### [What is being asked]
Where a line in the records holds "longleftrightarrow", count it once; return only the final number.

### [The data]

definition ptop :: "'a set \<Rightarrow> ('a \<Rightarrow> 'a \<Rightarrow> bool) \<Rightarrow> 'a" where
  "ptop A le = (THE t. t \<in> A \<and> (\<forall>x\<in>A. le x t))"

definition pbot :: "'a set \<Rightarrow> ('a \<Rightarrow> 'a \<Rightarrow> bool) \<Rightarrow> 'a" where
  "pbot A le = (THE b. b \<in> A \<and> (\<forall>x\<in>A. le b x))"

definition covers :: "'a set \<Rightarrow> ('a \<Rightarrow> 'a \<Rightarrow> bool) \<Rightarrow> 'a \<Rightarrow> 'a \<Rightarrow> bool" where
  "covers A le x y \<longleftrightarrow> x \<in> A \<and> y \<in> A \<and> le x y \<and> x \<noteq> y
     \<and> (\<forall>z\<in>A. le x z \<and> le z y \<longrightarrow> z = x \<or> z = y)"

definition atoms :: "'a set \<Rightarrow> ('a \<Rightarrow> 'a \<Rightarrow> bool) \<Rightarrow> 'a set" where
  "atoms A le = {a. covers A le (pbot A le) a}"

definition coatoms :: "'a set \<Rightarrow> ('a \<Rightarrow> 'a \<Rightarrow> bool) \<Rightarrow> 'a set" where
  "coatoms A le = {c. covers A le c (ptop A le)}"

definition rank_fun :: "'a set \<Rightarrow> ('a \<Rightarrow> 'a \<Rightarrow> bool) \<Rightarrow> ('a \<Rightarrow> nat) \<Rightarrow> bool" where
  "rank_fun A le \<rho> \<longleftrightarrow> \<rho> (pbot A le) = 0 \<and> (\<forall>x y. covers A le x y \<longrightarrow> \<rho> y = \<rho> x + 1)"

definition graded :: "'a set \<Rightarrow> ('a \<Rightarrow> 'a \<Rightarrow> bool) \<Rightarrow> bool" where
  "graded A le \<longleftrightarrow> (\<exists>\<rho>. rank_fun A le \<rho>)"

definition knot :: "'a set \<Rightarrow> ('a \<Rightarrow> 'a \<Rightarrow> bool) \<Rightarrow> 'a \<Rightarrow> bool" where
  "knot A le x \<longleftrightarrow> x \<in> A \<and> x \<noteq> ptop A le \<and> x \<noteq> pbot A le \<and> (\<forall>y\<in>A. le x y \<or> le y x)"

definition vert_indec :: "'a set \<Rightarrow> ('a \<Rightarrow> 'a \<Rightarrow> bool) \<Rightarrow> bool" where
  "vert_indec A le \<longleftrightarrow> \<not> (\<exists>x. knot A le x)"

definition is_neck :: "'a set \<Rightarrow> ('a \<Rightarrow> 'a \<Rightarrow> bool) \<Rightarrow> ('a \<Rightarrow> nat) \<Rightarrow> 'a \<Rightarrow> 'a \<Rightarrow> bool" where
  "is_neck A le \<rho> a b \<longleftrightarrow> a \<in> A \<and> b \<in> A \<and> a \<noteq> b \<and> \<rho> a = \<rho> b
     \<and> {x\<in>A. \<rho> x = \<rho> a} = {a, b}
     \<and> a \<notin> atoms A le \<and> a \<notin> coatoms A le \<and> b \<notin> atoms A le \<and> b \<notin> coatoms A le"

definition is_piece :: "'a set \<Rightarrow> ('a \<Rightarrow> 'a \<Rightarrow> bool) \<Rightarrow> bool" where
  "is_piece A le \<longleftrightarrow> is_lattice A le \<and> graded A le \<and> vert_indec A le
     \<and> card (atoms A le) = 2 \<and> card (coatoms A le) = 2
     \<and> (\<exists>\<rho>. rank_fun A le \<rho> \<and> \<rho> (ptop A le) \<ge> 3 \<and> \<not> (\<exists>a b. is_neck A le \<rho> a b))"

definition iso :: "'a set \<Rightarrow> ('a \<Rightarrow> 'a \<Rightarrow> bool) \<Rightarrow> 'b set \<Rightarrow> ('b \<Rightarrow> 'b \<Rightarrow> bool) \<Rightarrow> bool" where
  "iso A le B le' \<longleftrightarrow> (\<exists>h. bij_betw h A B \<and> (\<forall>x\<in>A. \<forall>y\<in>A. le x y \<longleftrightarrow> le' (h x) (h y)))"

text \<open>Vertical 2-sum L +_2 U with identification \<phi> : coatoms L \<rightarrow> atoms U (a bijection).
  Elements of L minus its top are tagged Inl; elements of U minus its bottom and atoms are tagged Inr;
  an atom u of U is identified with the coatom (inverse of \<phi>) u of L.\<close>
definition vsum2 :: "'a set \<Rightarrow> ('a \<Rightarrow> 'a \<Rightarrow> bool) \<Rightarrow> 'a set \<Rightarrow> ('a \<Rightarrow> 'a \<Rightarrow> bool) \<Rightarrow> ('a \<Rightarrow> 'a)
     \<Rightarrow> ('a + 'a) set \<times> (('a + 'a) \<Rightarrow> ('a + 'a) \<Rightarrow> bool)" where
  "vsum2 A le B le' \<phi> =
    (let g = (\<lambda>u. if u \<in> atoms B le' then Inl (inv_into (coatoms A le) \<phi> u) else Inr u);
         R1 = (\<lambda>x y. \<exists>a b. a \<in> A - {ptop A le} \<and> b \<in> A - {ptop A le} \<and> x = Inl a \<and> y = Inl b \<and> le a b);
         R2 = (\<lambda>x y. \<exists>u v. u \<in> B - {pbot B le'} \<and> v \<in> B - {pbot B le'} \<and> x = g u \<and> y = g v \<and> le' u v)
     in (Inl ` (A - {ptop A le}) \<union> Inr ` (B - {pbot B le'} - atoms B le'),
         tranclp (\<lambda>x y. R1 x y \<or> R2 x y)))"

definition closed_vsum2 :: "(nat set \<times> (nat \<Rightarrow> nat \<Rightarrow> bool)) set \<Rightarrow> bool" where
  "closed_vsum2 F \<longleftrightarrow> (\<forall>A le B le' \<phi>. (A, le) \<in> F \<longrightarrow> (B, le') \<in> F
      \<longrightarrow> card (coatoms A le) = 2 \<longrightarrow> card (atoms B le') = 2
      \<longrightarrow> bij_betw \<phi> (coatoms A le) (atoms B le')
      \<longrightarrow> (\<exists>C lc. (C, lc) \<in> F \<and> iso C lc (fst (vsum2 A le B le' \<phi>)) (snd (vsum2 A le B le' \<phi>))))"

definition num_classes :: "('a set \<times> ('a \<Rightarrow> 'a \<Rightarrow> bool)) set \<Rightarrow> nat" where
  "num_classes S = card ((\<lambda>(A, le). {(B, le'). (B, le') \<in> S \<and> iso B le' A le}) ` S)"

### [Exercise answer]
9